TASK PROMPT:
Extract precisely the lines of the entries below, from the first line through the line containing "- b0)$k\<bar> <".

RECORDS PROVIDED:
== Segment start ==

lemma in_box_near:
  fixes x y z b0 :: "real^'m::finite"
  assumes x: "norm (x - b0) < \<delta>" and y: "norm (y - b0) < \<delta>" and z: "in_box x y z"
  shows "norm (z - b0) < real CARD('m) * \<delta>"
proof -
  have "\<bar>(z - b0)$k\<bar> < \<delta>" for k
    using component_le_norm_cart[of "x - b0" k] component_le_norm_cart[of "y - b0" k] x y z
    unfolding in_box_def by (smt (verit) vector_minus_component)
  hence "(\<Sum>k\<in>UNIV. \<bar>(z - b0)$k\<bar>) < (\<Sum>k\<in>(UNIV::'m set). \<delta>)"
    by (intro sum_strict_mono) auto
  thus ?thesis using norm_le_l1_cart[of "z - b0"] by simp
qed

lemma taylor_remainder_Suc_le:
  fixes h :: "real^'n::finite \<Rightarrow> real"
  assumes V: "open V" and h: "Cp_on (Suc q) V h" and "B \<ge> 0"
    and box: "\<And>z. in_box x y z \<Longrightarrow> z \<in> V"
    and R': "\<And>i z. in_box x y z \<Longrightarrow> \<bar>partial i h z - taylor q x (partial i h) z\<bar> \<le> B * norm (z - x) ^ q"
  shows "\<bar>h y - taylor (Suc q) x h y\<bar> \<le> real CARD('n) * B * norm (y - x) ^ Suc q"
proof -
  have x: "x \<in> V" by (rule box) (auto simp: in_box_def)
  define R where "R z = h z - taylor (Suc q) x h z" for z
  have "\<bar>R y - R x\<bar> \<le> (B * norm (y - x) ^ q) * (\<Sum>k\<in>UNIV. \<bar>y$k - x$k\<bar>)"
  proof (rule mvt_along_axes)
    fix z i assume z: "in_box x y z"
    show "((\<lambda>t. R (z + t *\<^sub>R axis i 1)) has_real_derivative
            partial i h z - taylor q x (partial i h) z) (at 0)"
      unfolding R_def using Cp_SucD(2)[OF h box[OF z]]
      by (intro DERIV_diff has_real_derivative_partial has_real_derivative_taylor_axis[OF V h x])
    have "B * norm (z - x) ^ q \<le> B * norm (y - x) ^ q"
      using in_box_norm_le[OF z] \<open>B \<ge> 0\<close> by (intro mult_left_mono power_mono) auto
    thus "\<bar>partial i h z - taylor q x (partial i h) z\<bar> \<le> B * norm (y - x) ^ q"
      by (rule order_trans[OF R'[OF z]])
  qed
  also have "\<dots> \<le> (B * norm (y - x) ^ q) * (real CARD('n) * norm (y - x))"
    using sum_abs_components_le[of "y - x"] \<open>B \<ge> 0\<close> by (intro mult_left_mono) auto
  finally show ?thesis by (simp add: R_def taylor_at_center algebra_simps)
qed

lemma taylor_remainder_little_o:
  fixes h :: "real^'n::finite \<Rightarrow> real"
  assumes V: "open V" and b0: "b0 \<in> V"
  shows "Cp_on q V h \<Longrightarrow> \<epsilon> > 0 \<Longrightarrow> \<exists>\<delta>>0. \<forall>x y. norm (x - b0) < \<delta> \<longrightarrow> norm (y - b0) < \<delta> \<longrightarrow>
            \<bar>h y - taylor q x h y\<bar> \<le> \<epsilon> * norm (y - x) ^ q"
proof (induction q arbitrary: h \<epsilon>)
  case 0
  show ?case
    using continuous_on_small_oscillation[OF V Cp_imp_continuous_on[OF "0.prems"(1)] b0 "0.prems"(2)]
    by (simp add: taylor_order_0)
next
  case (Suc q)
  let ?N = "real CARD('n)"
  have N: "?N \<ge> 1" by (rule real_card_ge_1)
  have "\<exists>D>0. \<forall>i x y. norm (x - b0) < D \<longrightarrow> norm (y - b0) < D \<longrightarrow>
            \<bar>partial i h y - taylor q x (partial i h) y\<bar> \<le> \<epsilon> / ?N * norm (y - x) ^ q"
    by (intro ex_uniform_radius Suc.IH[OF Cp_SucD(3)[OF Suc.prems(1)]]) (use Suc.prems(2) N in simp)
  then obtain D where D: "D > 0" and DD: "\<And>i x y. norm (x - b0) < D \<Longrightarrow> norm (y - b0) < D \<Longrightarrow>
            \<bar>partial i h y - taylor q x (partial i h) y\<bar> \<le> \<epsilon> / ?N * norm (y - x) ^ q" by blast
  obtain r where r: "r > 0" "ball b0 r \<subseteq> V" using V b0 openE by blast
  define \<delta> where "\<delta> = min r D / ?N"
  have N\<delta>: "?N * \<delta> = min r D" and \<delta>: "\<delta> > 0" using r D N unfolding \<delta>_def by auto
  have "1 * \<delta> \<le> ?N * \<delta>" using N \<delta> by (intro mult_right_mono) auto
  hence \<delta>: "\<delta> > 0" "?N * \<delta> \<le> r" "?N * \<delta> \<le> D" "\<delta> \<le> D" using N\<delta> \<delta> by auto
  have "\<bar>h y - taylor (Suc q) x h y\<bar> \<le> \<epsilon> * norm (y - x) ^ Suc q"
    if x: "norm (x - b0) < \<delta>" and y: "norm (y - b0) < \<delta>" for x y
  proof -
    have z: "z \<in> V \<and> norm (z - b0) < D" if "in_box x y z" for z
      using in_box_near[OF x y that] \<delta> r by (auto simp: dist_norm norm_minus_commute)
    have "\<bar>h y - taylor (Suc q) x h y\<bar> \<le> ?N * (\<epsilon> / ?N) * norm (y - x) ^ Suc q"
      using Suc.prems(2) x \<delta> z DD
      by (intro taylor_remainder_Suc_le[OF V Suc.prems(1)]) auto
    thus ?thesis using N by simp
  qed
  thus ?case using \<delta>(1) by blast
qed

section \<open>Convergence of the pushed-forward functionals\<close>

lemma sum_mdeg_le_ge_reindex:
  fixes F :: "('n::finite \<Rightarrow> nat) \<Rightarrow> real"
  assumes "mdeg \<beta> \<le> p"
  shows "(\<Sum>\<gamma>\<in>{\<gamma>. mdeg \<gamma> \<le> p \<and> \<beta> \<le> \<gamma>}. F \<gamma>) = (\<Sum>\<delta>\<in>{\<delta>. mdeg \<delta> \<le> p - mdeg \<beta>}. F (\<beta> + \<delta>))"
proof (rule sum.reindex_bij_witness[where j="\<lambda>\<gamma>. \<gamma> - \<beta>" and i="\<lambda>\<delta>. \<beta> + \<delta>"])
  fix \<gamma> :: "'n \<Rightarrow> nat" assume g: "\<gamma> \<in> {\<gamma>. mdeg \<gamma> \<le> p \<and> \<beta> \<le> \<gamma>}"
  show \<gamma>: "\<beta> + (\<gamma> - \<beta>) = \<gamma>" using g by (auto simp: fun_eq_iff le_fun_def)
  show "\<gamma> - \<beta> \<in> {\<delta>. mdeg \<delta> \<le> p - mdeg \<beta>}" using g mdeg_diff[of \<beta> \<gamma>] by auto
  show "F (\<beta> + (\<gamma> - \<beta>)) = F \<gamma>" by (simp only: \<gamma>)
next
  fix \<delta> :: "'n \<Rightarrow> nat" assume "\<delta> \<in> {\<delta>. mdeg \<delta> \<le> p - mdeg \<beta>}"
  thus "\<beta> + \<delta> - \<beta> = \<delta>" "\<beta> + \<delta> \<in> {\<gamma>. mdeg \<gamma> \<le> p \<and> \<beta> \<le> \<gamma>}"
    using assms by (auto simp: fun_eq_iff mdeg_add le_fun_def)
qed

lemma taylor_mderiv:
  fixes g :: "real^'m::finite \<Rightarrow> real"
  assumes V: "open V" and g: "Cp_on p V g" and x: "x \<in> V" and \<beta>: "mdeg \<beta> \<le> p"
  shows "taylor (p - mdeg \<beta>) x (mderiv \<beta> g) y =
     (\<Sum>\<gamma>\<in>{\<gamma>. mdeg \<gamma> \<le> p \<and> \<beta> \<le> \<gamma>}. mderiv \<gamma> g x * (mpow (y - x) (\<gamma> - \<beta>) / real (mfact (\<gamma> - \<beta>))))"
proof -
  have "mderiv \<delta> (mderiv \<beta> g) x = mderiv (\<beta> + \<delta>) g x" if "mdeg \<delta> \<le> p - mdeg \<beta>" for \<delta>
    using that \<beta> by (intro mderiv_mderiv[OF V g _ x]) auto
  moreover have "\<beta> + \<delta> - \<beta> = \<delta>" for \<delta> :: "'m \<Rightarrow> nat" by (auto simp: fun_eq_iff)
  ultimately show ?thesis
    unfolding taylor_def sum_mdeg_le_ge_reindex[OF \<beta>] by (intro sum.cong) auto
qed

== Segment end ==

RESULT FOR THIS EXERCISE:
lemma in_box_near:
  fixes x y z b0 :: "real^'m::finite"
  assumes x: "norm (x - b0) < \<delta>" and y: "norm (y - b0) < \<delta>" and z: "in_box x y z"
  shows "norm (z - b0) < real CARD('m) * \<delta>"
proof -
  have "\<bar>(z - b0)$k\<bar> < \<delta>" for k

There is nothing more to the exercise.